Return the data below exactly, but only from the line containing "x \<in> topspace" through the line containing "- ?P) \<inter> D", with both of those lines included.

▶ **MATERIAL FOR THIS EXERCISE**
* * *

lemma is_cut_side_meeting_all:
  assumes "is_cut X c" "\<forall>S\<in>\<S>. S \<subseteq> topspace X" "\<forall>S\<in>\<S>. \<forall>T\<in>\<S>. S \<inter> T \<noteq> {}"
  shows "\<exists>B\<in>c. B \<noteq> {} \<and> (\<forall>S\<in>\<S>. S \<inter> B \<noteq> {})"
proof -
  obtain A where A: "c = {A, topspace X - A}" "A \<subseteq> topspace X" "A \<noteq> {}" "topspace X - A \<noteq> {}"
    by (rule is_cut_obtain_side[OF assms(1)])
  have sides: "A \<in> c" "topspace X - A \<in> c"
    using A(1) by simp_all
  show ?thesis
  proof (cases "\<forall>S\<in>\<S>. S \<inter> A \<noteq> {}")
    case True
    then show ?thesis
      using A(3) by (intro bexI[OF _ sides(1)]) simp
  next
    case False
    then obtain S0 where S0: "S0 \<in> \<S>" "S0 \<inter> A = {}"
      by blast
    have "S \<inter> (topspace X - A) \<noteq> {}" if "S \<in> \<S>" for S
    proof
      assume "S \<inter> (topspace X - A) = {}"
      then have "S0 \<inter> S = {}"
        using S0(2) assms(2) that by blast
      then show False
        using assms(3) S0(1) that by blast
    qed
    then show ?thesis
      using A(4) by (intro bexI[OF _ sides(2)]) blast
  qed
qed

lemma crosses_between:
  assumes "is_cut X b" "is_cut X c" "A \<in> a" "B \<in> b" "C \<in> c" "A \<subseteq> B" "B \<inter> C = {}"
    and "crosses e a" "crosses e c"
  shows "crosses e b"
  unfolding crosses_def
proof (intro ballI)
  fix P Q
  assume P: "P \<in> e" and Q: "Q \<in> b"
  have "P \<inter> A \<noteq> {}" "P \<inter> C \<noteq> {}"
    using assms(3,5,8,9) P unfolding crosses_def by blast+
  moreover have "Q = B \<or> Q = topspace X - B"
    using Q is_cut_sideD(1)[OF assms(1,4)] by auto
  moreover have "C \<subseteq> topspace X - B"
    using assms(7) is_cut_sideD(2)[OF assms(2,5)] by blast
  ultimately show "P \<inter> Q \<noteq> {}"
    using assms(6) by blast
qed

lemma Gamma_adjacent_not_separated:
  assumes "Gamma_adjacent X \<Gamma> a c" "b \<in> \<Gamma>" "b \<noteq> a" "b \<noteq> c"
    and "is_cut X b" "is_cut X c" "A \<in> a" "B \<in> b" "C \<in> c" "A \<subseteq> B" "B \<inter> C = {}"
  shows False
proof -
  obtain e where e: "crosses e a" "crosses e c" "\<forall>h\<in>\<Gamma>. h \<noteq> a \<and> h \<noteq> c \<longrightarrow> \<not> crosses e h"
    using assms(1) unfolding Gamma_adjacent_def by blast
  then show False
    using crosses_between[OF assms(5-11) e(1,2)] assms(2-4) by blast
qed

lemma crossing_cut_from_pieces:
  assumes "is_cut X d" "is_cut X d'" "D \<in> d" "F \<in> d'" "D \<inter> F = {}"
    and "openin X D1" "closedin X D1" "D1 \<subseteq> D" "D1 \<noteq> {}" "D - D1 \<noteq> {}"
    and "openin X F1" "closedin X F1" "F1 \<subseteq> F" "F1 \<noteq> {}" "F - F1 \<noteq> {}"
  defines "e \<equiv> {D1 \<union> F1, topspace X - (D1 \<union> F1)}"
  shows "non_peripheral X e" "crosses e d" "crosses e d'"
proof -
  let ?P = "D1 \<union> F1"
  have d: "d = {D, topspace X - D}" "D \<subseteq> topspace X"
    using is_cut_sideD[OF assms(1,3)] by auto
  have d': "d' = {F, topspace X - F}" "F \<subseteq> topspace X"
    using is_cut_sideD[OF assms(2,4)] by auto
  have outside: "D - D1 \<subseteq> topspace X - ?P" "F - F1 \<subseteq> topspace X - ?P"
    using assms(5,8,13) d(2) d'(2) by blast+
  have "is_cut X e"
    unfolding e_def using assms(6-15) outside
    by (intro is_cut_clopen openin_Un closedin_Un) blast+
  moreover have "\<exists>x y. x \<in> ?P \<and> y \<in> ?P \<and> x \<noteq> y"
    using assms(5,8,9,13,14) by blast
  moreover have "\<exists>x y. x \<in> topspace X - ?P \<and> y \<in> topspace X - ?P \<and> x \<noteq> y"
    using assms(5,10,15) outside by blast
  ultimately show "non_peripheral X e"
    unfolding non_peripheral_def by (auto simp: e_def)
  have "?P \<inter> D \<noteq> {}" "?P \<inter> (topspace X - D) \<noteq> {}"
    "(topspace X - ?P) \<inter> D \<noteq> {}" "(topspace X - ?P) \<inter> (topspace X - D) \<noteq> {}"
    using assms(5,8-10,13-15) d'(2) outside by blast+
  then show "crosses e d"
    unfolding crosses_def e_def d(1) by auto
  have "?P \<inter> F \<noteq> {}" "?P \<inter> (topspace X - F) \<noteq> {}"
    "(topspace X - ?P) \<inter> F \<noteq> {}" "(topspace X - ?P) \<inter> (topspace X - F) \<noteq> {}"
    using assms(5,8-10,13-15) d(2) outside by blast+
  then show "crosses e d'"
    unfolding crosses_def e_def d'(1) by auto
qed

* * *

▶ **ANSWER TO THIS EXERCISE**
  moreover have "\<exists>x y. x \<in> topspace X - ?P \<and> y \<in> topspace X - ?P \<and> x \<noteq> y"
    using assms(5,10,15) outside by blast
  ultimately show "non_peripheral X e"
    unfolding non_peripheral_def by (auto simp: e_def)
  have "?P \<inter> D \<noteq> {}" "?P \<inter> (topspace X - D) \<noteq> {}"
    "(topspace X - ?P) \<inter> D \<noteq> {}" "(topspace X - ?P) \<inter> (topspace X - D) \<noteq> {}"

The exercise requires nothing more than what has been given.